-------- Exercise data --------

(* Let $\{x^k\}$ be generated by the ABP algorithm described in the context, and assume (A1)–(A7): (A1) $\mathcal F$ is continuously differentiable; (A2) $C$, $Q$ nonempty closed convex, $z_i^*>-\infty$ for each $i$; (A3) each $f_i$ convex; (A4) $\Omega\ne\emptyset$; (A5) $\lambda_k>0$, $\sum\lambda_k=\infty$, $\sum\lambda_k^2<\infty$; (A6) $0<\underline\alpha\le\alpha_k\le\bar\alpha$, $0<\underline\beta\le\beta_k\le\bar\beta$, $0<\underline\gamma\le\gamma_k\le\bar\gamma$ for all $k$; (A7) $\varphi_{\mathrm{lb}}=\varphi^*$. Then there exist a subsequence $\{k_j\}$ and a point $x^\infty\in\Omega$ with $x^{k_j}\to x^\infty$.
   Context: Let $n,m\ge1$, $\mathcal F=(f_1,\dots,f_m)\colon\mathbb R^n\to\mathbb R^m$, $C\subset\mathbb R^n$, $Q\subset\mathbb R^m$, $Q^+:=Q-\mathbb R^m_+=\{y-u:y\in Q,u\in\mathbb R^m_+\}$; $P_S$ is Euclidean projection onto a nonempty closed convex set $S$. Let $z_i^*:=\inf_{x\in C}f_i(x)$, fix $r$ with $r_i>0$, $\sum r_i=1$. Define $\varphi(x):=\max_ir_i(f_i(x)-z_i^* )$, $H(x):=\tfrac12\mathrm{dist}^2(x,C)$, $G(x):=\tfrac12\mathrm{dist}^2(\mathcal F(x),Q^+)$, $\mathcal S:=\{x:H(x)=0,G(x)=0\}$, $\varphi^*:=\inf_{\mathcal S}\varphi$, $\Omega:=\{x\in\mathcal S:\varphi(x)=\varphi^*\}$, $\varphi_{\mathrm{lb}}:=\inf_C\varphi$. ABP algorithm: given $x^0$, $\mu>0$, positive sequences $\{\alpha_k\},\{\beta_k\},\{\gamma_k\},\{\lambda_k\}$: $p^k:=P_{Q^+}(\mathcal F(x^k))$, $\rho^k:=\mathcal F(x^k)-p^k$, $z^k:=x^k-P_C(x^k)$, $v^k:=J_{\mathcal F}(x^k)^T\rho^k$, $w^k:=r_{i^*}\nabla f_{i^*}(x^k)$ with arbitrary $i^*\in\arg\max_ir_i(f_i(x^k)-z_i^* )$, $\Delta_k:=\varphi(x^k)-\varphi_{\mathrm{lb}}$, $d^k:=\alpha_k\mathbf 1_{\{\Delta_k\ge0\}}w^k+\beta_kz^k+\gamma_kv^k$, $\eta_k:=\max(\mu,\|d^k\|)$, $x^{k+1}:=x^k-(\lambda_k/\eta_k)d^k$. *)

theory Defs
  imports "HOL-Analysis.Analysis"
begin

definition Qplus :: "(real^'m) set \<Rightarrow> (real^'m) set" where
  "Qplus Q = {y - u | y u. y \<in> Q \<and> (\<forall>i. 0 \<le> u $ i)}"

text \<open>Euclidean projection onto a set (closest point), applied to the closure
  so that it is the paper's P_S whenever S is closed.\<close>
definition proj :: "('a::euclidean_space) set \<Rightarrow> 'a \<Rightarrow> 'a" where
  "proj S x = closest_point (closure S) x"

definition zstar :: "(real^'n \<Rightarrow> real^'m) \<Rightarrow> (real^'n) set \<Rightarrow> 'm \<Rightarrow> real" where
  "zstar F C i = Inf ((\<lambda>x. F x $ i) ` C)"

definition phi :: "real^'m \<Rightarrow> (real^'n \<Rightarrow> real^'m) \<Rightarrow> (real^'n) set \<Rightarrow> real^'n \<Rightarrow> real" where
  "phi r F C x = Max (range (\<lambda>i. r $ i * (F x $ i - zstar F C i)))"

definition Hfun :: "(real^'n) set \<Rightarrow> real^'n \<Rightarrow> real" where
  "Hfun C x = (1/2) * (infdist x C)\<^sup>2"

definition Gfun :: "(real^'n \<Rightarrow> real^'m) \<Rightarrow> (real^'m) set \<Rightarrow> real^'n \<Rightarrow> real" where
  "Gfun F Q x = (1/2) * (infdist (F x) (Qplus Q))\<^sup>2"

definition feas :: "(real^'n \<Rightarrow> real^'m) \<Rightarrow> (real^'n) set \<Rightarrow> (real^'m) set \<Rightarrow> (real^'n) set" where
  "feas F C Q = {x. Hfun C x = 0 \<and> Gfun F Q x = 0}"

definition phistar where
  "phistar r F C Q = Inf (phi r F C ` feas F C Q)"

definition Omega where
  "Omega r F C Q = {x \<in> feas F C Q. phi r F C x = phistar r F C Q}"

definition philb where
  "philb r F C = Inf (phi r F C ` C)"

text \<open>One ABP step. g i x is the gradient of f_i at x; istar the chosen maximizing index.\<close>
definition abp_dir ::
  "real^'m \<Rightarrow> (real^'n \<Rightarrow> real^'m) \<Rightarrow> ('m \<Rightarrow> real^'n \<Rightarrow> real^'n) \<Rightarrow> (real^'n) set \<Rightarrow> (real^'m) set
   \<Rightarrow> 'm \<Rightarrow> real \<Rightarrow> real \<Rightarrow> real \<Rightarrow> real^'n \<Rightarrow> real^'n" where
  "abp_dir r F g C Q istar a b c x =
     (let p = proj (Qplus Q) (F x);
          \<rho> = F x - p;
          z = x - proj C x;
          v = (\<Sum>i\<in>UNIV. (\<rho> $ i) *\<^sub>R g i x);
          w = (r $ istar) *\<^sub>R g istar x;
          \<Delta> = phi r F C x - philb r F C
      in (if \<Delta> \<ge> 0 then a else 0) *\<^sub>R w + b *\<^sub>R z + c *\<^sub>R v)"

end

theory Submission
  imports Defs
begin
(* Let $P\in\mathbb{R}^{n\times n}$ be symmetric with eigenvalues $\lambda_1\ge\dots\ge\lambda_n$ and orthonormal eigenvectors $u_1,\dots,u_n$ ($Pu_s=\lambda_su_s$). Let $H\in\mathbb{R}^{n\times n}$ be symmetric, $A=P+H$, with eigenvalues $\tilde\lambda_1\ge\dots\ge\tilde\lambda_n$ and orthonormal eigenvectors $\tilde u_1,\dots,\tilde u_n$ ($A\tilde u_s=\tilde\lambda_s\tilde u_s$). Fix $t\in[n]$ such that $\lambda_t$ has multiplicity one, let $\Delta_t=\min\{|\lambda_t-\lambda_s|: s\neq t\}$, and assume $\|H\|<|\lambda_t|/2$. For $u\in\mathbb{R}^n$ and $\lambda\neq0$ define the vector $\xi(u;H,\lambda)\in\mathbb{R}^n$ by $\xi_j(u;H,\lambda)=\sum_{p\ge1}(2/|\lambda|)^p|(H^pu)_j|$. Then for all $j\in[n]$, $$\min_{\zeta\in\{-1,+1\}}|(\tilde u_t-\zeta u_t)_j|\le\left(\frac{4\|H\|^2}{\Delta_t^2}+\frac{2\|H\|}{|\lambda_t|}\right)|u_{t,j}|+2\xi_j(u_t;H,\lambda_t)+\frac{4\sqrt2\|H\|}{\Delta_t}\sum_{s\ne t}\left|\frac{\lambda_s}{\lambda_t}\right|\big(|u_{s,j}|+\xi_j(u_s;H,\lambda_t)\big).$$
   Context: $\|\cdot\|$ denotes the spectral norm of a matrix. The series defining $\xi_j$ may take the value $+\infty$, in which case the bound is trivial. *)

theory Defs
  imports "HOL-Analysis.Analysis"
begin

definition spec_norm :: "real^'n^'n \<Rightarrow> real" where
  "spec_norm H = onorm (\<lambda>x. H *v x)"

definition xi :: "real^'n^'n \<Rightarrow> real \<Rightarrow> real^'n \<Rightarrow> 'n \<Rightarrow> ennreal" where
  "xi H lam u j = (\<Sum>p. ennreal ((2 / \<bar>lam\<bar>) ^ Suc p * \<bar>(((\<lambda>x. H *v x) ^^ Suc p) u) $ j\<bar>))"

end

theory Submission
  imports Defs
begin

text \<open>Let \<open>w\<close> be the perturbed eigenvector, \<open>\<mu>\<close> its eigenvalue and \<open>c s = <w, u s>\<close>.
  By Weyl, \<open>|\<mu> - \<lambda> t| \<le> \<parallel>H\<parallel> < |\<lambda> t|/2\<close>. Taking the inner product of \<open>(P + H) w = \<mu> w\<close>
  with \<open>u s\<close> gives \<open>(\<mu> - \<lambda> s) c s = <u s, H w>\<close>, so the coefficients off \<open>t\<close> are
  \<open>O(\<parallel>H\<parallel>/\<Delta>)\<close> individually and in square sum, and \<open>|c t|\<close> is within \<open>4\<parallel>H\<parallel>\<^sup>2/\<Delta>\<^sup>2\<close> of 1.
  Entrywise control comes from the fixed-point form \<open>w = \<mu>\<^sup>-\<^sup>1 P w + \<mu>\<^sup>-\<^sup>1 H w\<close>: iterating it
  \<open>N\<close> times writes \<open>w\<close> as \<open>\<Sum>s. c s (\<lambda> s/\<mu>) (u s + \<Sum>p=1..N. \<mu>\<^sup>-\<^sup>p H\<^sup>p u s)\<close> plus a remainder
  of norm at most \<open>(\<parallel>H\<parallel>/|\<mu>|)\<^sup>N\<^sup>+\<^sup>1\<close>, and \<open>|\<mu>|\<^sup>-\<^sup>1 \<le> 2/|\<lambda> t|\<close> bounds the inner sums by
  partial sums of \<open>\<xi>\<close>. The summand \<open>s = t\<close> gives the first two terms of the bound (with
  \<open>\<zeta>\<close> the sign of \<open>c t\<close>), the others the last one; letting \<open>N \<rightarrow> \<infinity>\<close> removes the remainder.\<close>

section \<open>Orthonormal eigenframes and Weyl's inequality\<close>

definition orthonormal_frame :: "(nat \<Rightarrow> real^'n) \<Rightarrow> bool" where
  "orthonormal_frame v \<longleftrightarrow>
     (\<forall>s<CARD('n). \<forall>r<CARD('n). v s \<bullet> v r = (if s = r then 1 else 0))"

lemma orthonormal_frameD:
  "orthonormal_frame v \<Longrightarrow> s < CARD('n) \<Longrightarrow> r < CARD('n)
    \<Longrightarrow> v s \<bullet> v r = (if s = r then 1 else 0)"
  for v :: "nat \<Rightarrow> real^'n"
  unfolding orthonormal_frame_def by blast

lemma norm_orthonormal_frame:
  "orthonormal_frame v \<Longrightarrow> s < CARD('n) \<Longrightarrow> norm (v s) = 1"
  for v :: "nat \<Rightarrow> real^'n"
  by (simp add: norm_eq_1 orthonormal_frameD)

lemma orthonormal_frame_expansion:
  fixes v :: "nat \<Rightarrow> real^'n"
  assumes frame: "orthonormal_frame v"
  shows "x = (\<Sum>s<CARD('n). (x \<bullet> v s) *\<^sub>R v s)"
proof -
  let ?B = "v ` {..<CARD('n)}"
  note orth = orthonormal_frameD[OF frame]
  have inj: "inj_on v {..<CARD('n)}"
    by (rule inj_onI) (metis lessThan_iff orth zero_neq_one)
  have pairwise: "pairwise orthogonal ?B"
    unfolding pairwise_def orthogonal_def using orth by auto
  have "independent ?B"
    by (rule pairwise_orthogonal_independent[OF pairwise]) (use orth in fastforce)
  moreover have "card ?B = DIM(real^'n)"
    using inj by (simp add: card_image)
  ultimately have "x \<in> span ?B"
    using card_ge_dim_independent[of ?B UNIV] by auto
  then have "x = (\<Sum>b\<in>?B. (x \<bullet> b) *\<^sub>R b)"
    by (intro orthonormal_basis_expand[symmetric] pairwise)
       (auto simp: norm_orthonormal_frame[OF frame])
  also have "\<dots> = (\<Sum>s<CARD('n). (x \<bullet> v s) *\<^sub>R v s)"
    using inj by (simp add: sum.reindex)
  finally show ?thesis .
qed

lemma orthonormal_frame_inner:
  fixes v :: "nat \<Rightarrow> real^'n"
  assumes "orthonormal_frame v"
  shows "x \<bullet> y = (\<Sum>s<CARD('n). (x \<bullet> v s) * (y \<bullet> v s))"
proof -
  have "x \<bullet> y = (\<Sum>s<CARD('n). (x \<bullet> v s) *\<^sub>R v s) \<bullet> y"
    using orthonormal_frame_expansion[OF assms, of x] by (rule arg_cong)
  also have "\<dots> = (\<Sum>s<CARD('n). (x \<bullet> v s) * (y \<bullet> v s))"
    unfolding inner_sum_left inner_scaleR_left by (simp add: inner_commute)
  finally show ?thesis .
qed

lemma orthonormal_frame_inner_self:
  fixes v :: "nat \<Rightarrow> real^'n"
  assumes "orthonormal_frame v"
  shows "x \<bullet> x = (\<Sum>s<CARD('n). (x \<bullet> v s)\<^sup>2)"
  using orthonormal_frame_inner[OF assms, of x x] by (simp add: power2_eq_square)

--------

__Exercise brief__:
Go through the records, tally the lines holding the word "lemma", and give only the tally.

__Written solution__:
5